Salt, Selfridges and a new perspective on writing
What do salt, the beauty department of Selfridges and a complete stranger have in common?
They were all things I was asked to put pen to paper about during the Direct Marketing Association’s recent Writers’ Lab – an initiative created by the organisation to inspire my generation of copywriters.
It all started with a, quite frankly, bloody hilarious report entitled ‘why your copywriter is sad’. But even though I giggled my way through comments such as ‘I regularly describe myself as a track changes accepter’ and ‘it beats working in a bank’, the content hit a deep nerve.
You see, words are more than a passion for me; they’re an obsession.
Whereas most people will fire off a page of writing in half an hour, I can quite happily tinker away at every sentence for half a day – debating whether galvanise is a better word than empower and so forth.
In the day-to-day churn of business life, however, it’s easy to see writing as a commodity; deadlines, demands and business objectives can start to erode a B2B content marketing professional’s creativity. And you might not even realise.
I won’t bore you with the ins-and-outs of the DMA’s 5-week project, but the essential ethos was to take away all the constraints of our day jobs, and just get us to write.
A fake award entry for someone you’ve just met and have 7 minutes to interview.
A description of the taste of salt.
A 5-word caption for a famous painting.
A piece of content marketing for a famous beauty brand.
A story about a packet of chillies.
Suddenly I wasn’t worrying about word counts anymore; I was lost in the storytelling and free imagination. The seeds from which great commercial campaigns grow.

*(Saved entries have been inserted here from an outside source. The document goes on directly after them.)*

definition dr_trivialize :: "('v::euclidean_space \<Rightarrow> 'v \<Rightarrow> 'z::euclidean_space)
    \<Rightarrow> ('v, 'z) dr_point \<Rightarrow> ('v, 'z) dr_point \<Rightarrow> ('v, 'z) dr_point" where
  "dr_trivialize br q u =
     (exp (- snd (snd q) / 2) *\<^sub>R fst u,
      exp (- snd (snd q)) *\<^sub>R (fst (snd u) - (1/2) *\<^sub>R br (fst q) (fst u)),
      snd (snd u))"

definition dr_trivialize_deriv :: "('v::euclidean_space \<Rightarrow> 'v \<Rightarrow> 'z::euclidean_space)
    \<Rightarrow> ('v, 'z) dr_point \<Rightarrow> ('v, 'z) dr_point \<Rightarrow> ('v, 'z) dr_point \<Rightarrow> ('v, 'z) dr_point" where
  "dr_trivialize_deriv br q d u =
     ((- snd (snd d) / 2 * exp (- snd (snd q) / 2)) *\<^sub>R fst u,
      (- snd (snd d) * exp (- snd (snd q))) *\<^sub>R (fst (snd u) - (1/2) *\<^sub>R br (fst q) (fst u))
        - (exp (- snd (snd q)) / 2) *\<^sub>R br (fst d) (fst u),
      0)"

definition s_bracket :: "('v::euclidean_space \<Rightarrow> 'v \<Rightarrow> 'z::euclidean_space)
    \<Rightarrow> ('v, 'z) dr_point \<Rightarrow> ('v, 'z) dr_point \<Rightarrow> ('v, 'z) dr_point" where
  "s_bracket br P Q =
     ((snd (snd P) / 2) *\<^sub>R fst Q - (snd (snd Q) / 2) *\<^sub>R fst P,
      snd (snd P) *\<^sub>R fst (snd Q) - snd (snd Q) *\<^sub>R fst (snd P) + br (fst P) (fst Q),
      0)"

text \<open>Naming exp (t/2) turns identities between exponentials into rational identities.\<close>

lemma exp_half_representation:
  fixes t :: real
  obtains E where "E > 0" "exp (t / 2) = E" "exp t = E * E" "exp (- (t / 2)) = 1 / E"
    "exp (- t) = 1 / (E * E)" "exp (- t / 2) = 1 / E"
proof
  show "exp t = exp (t / 2) * exp (t / 2)" by (simp add: exp_add[symmetric])
  then show "exp (- t) = 1 / (exp (t / 2) * exp (t / 2))" by (simp add: exp_minus field_simps)
  show "exp (- (t / 2)) = 1 / exp (t / 2)" by (simp add: exp_minus field_simps)
  then show "exp (- t / 2) = 1 / exp (t / 2)" by simp
qed simp_all

lemma linear_bilinear_fst:
  fixes br :: "'v::euclidean_space \<Rightarrow> 'v \<Rightarrow> 'z::euclidean_space"
  assumes "bilinear br"
  shows "linear (\<lambda>q::('v, 'z) dr_point. br (fst q) c)" "linear (\<lambda>q::('v, 'z) dr_point. br c (fst q))"
  using assms unfolding bilinear_def
  by (auto intro: linear_compose[of fst, unfolded o_def] linear_fst)

lemma has_derivative_dr_mult:
  fixes br :: "'v::euclidean_space \<Rightarrow> 'v \<Rightarrow> 'z::euclidean_space"
  assumes bl: "bilinear br"
  shows "(dr_mult br q has_derivative (\<lambda>u. dr_left_field br u q)) (at x)"
proof -
  have "dr_mult br q = (\<lambda>x. (fst q + exp (snd (snd q) / 2) *\<^sub>R fst x,
      fst (snd q) + exp (snd (snd q)) *\<^sub>R fst (snd x) + (exp (snd (snd q) / 2) / 2) *\<^sub>R br (fst q) (fst x),
      snd (snd q) + snd (snd x)))"
    by (auto simp: dr_mult_def fun_eq_iff split: prod.splits)
  moreover note linear_imp_has_derivative[OF linear_bilinear_fst(2)[OF bl]]
  ultimately show ?thesis
    unfolding dr_left_field_def by (auto intro!: derivative_eq_intros)
qed

lemma frechet_derivative_dr_mult_inv:
  fixes br :: "'v::euclidean_space \<Rightarrow> 'v \<Rightarrow> 'z::euclidean_space"
  assumes bl: "bilinear br"
  shows "frechet_derivative (dr_mult br (dr_inv q)) (at q) = dr_trivialize br q"
proof -
  obtain V Z t where q: "q = (V, Z, t)" by (cases q) auto
  obtain E where E: "E > 0" "exp (t / 2) = E" "exp t = E * E" "exp (- (t / 2)) = 1 / E"
    "exp (- t) = 1 / (E * E)" "exp (- t / 2) = 1 / E"
    by (rule exp_half_representation)
  show ?thesis
    unfolding frechet_derivative_at[OF has_derivative_dr_mult[OF bl], symmetric] q
    using E(1) by (simp add: dr_inv_def dr_left_field_def dr_trivialize_def fun_eq_iff E(2-6)
        bilinear_lmul[OF bl] bilinear_lneg[OF bl] algebra_simps)
qed

lemma dr_metric_eq_inner:
  fixes br :: "'v::euclidean_space \<Rightarrow> 'v \<Rightarrow> 'z::euclidean_space"
  assumes "bilinear br"
  shows "dr_metric br q u w = inner (dr_trivialize br q u) (dr_trivialize br q w)"
proof -
  have "s_inner a b = inner a b" for a b :: "('v, 'z) dr_point"
    by (cases a; cases b) (simp add: s_inner_def inner_prod_def)
  then show ?thesis
    unfolding dr_metric_def frechet_derivative_dr_mult_inv[OF assms] by simp
qed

We were also lucky enough to have some external inspiration along the way – from some of the most experienced copywriters currently in the business, and from unexpected sources. I particularly enjoyed the insights we received from a behavioural scientist.
After deconstructing the major elements of copywriting and content creation, we were encouraged to go back to our day jobs and bring the same fresh energy to our clients’ work.
It’s been a few weeks since that moment, and I can confidently say I’m putting the DMA’s order into practice. As far as, at least!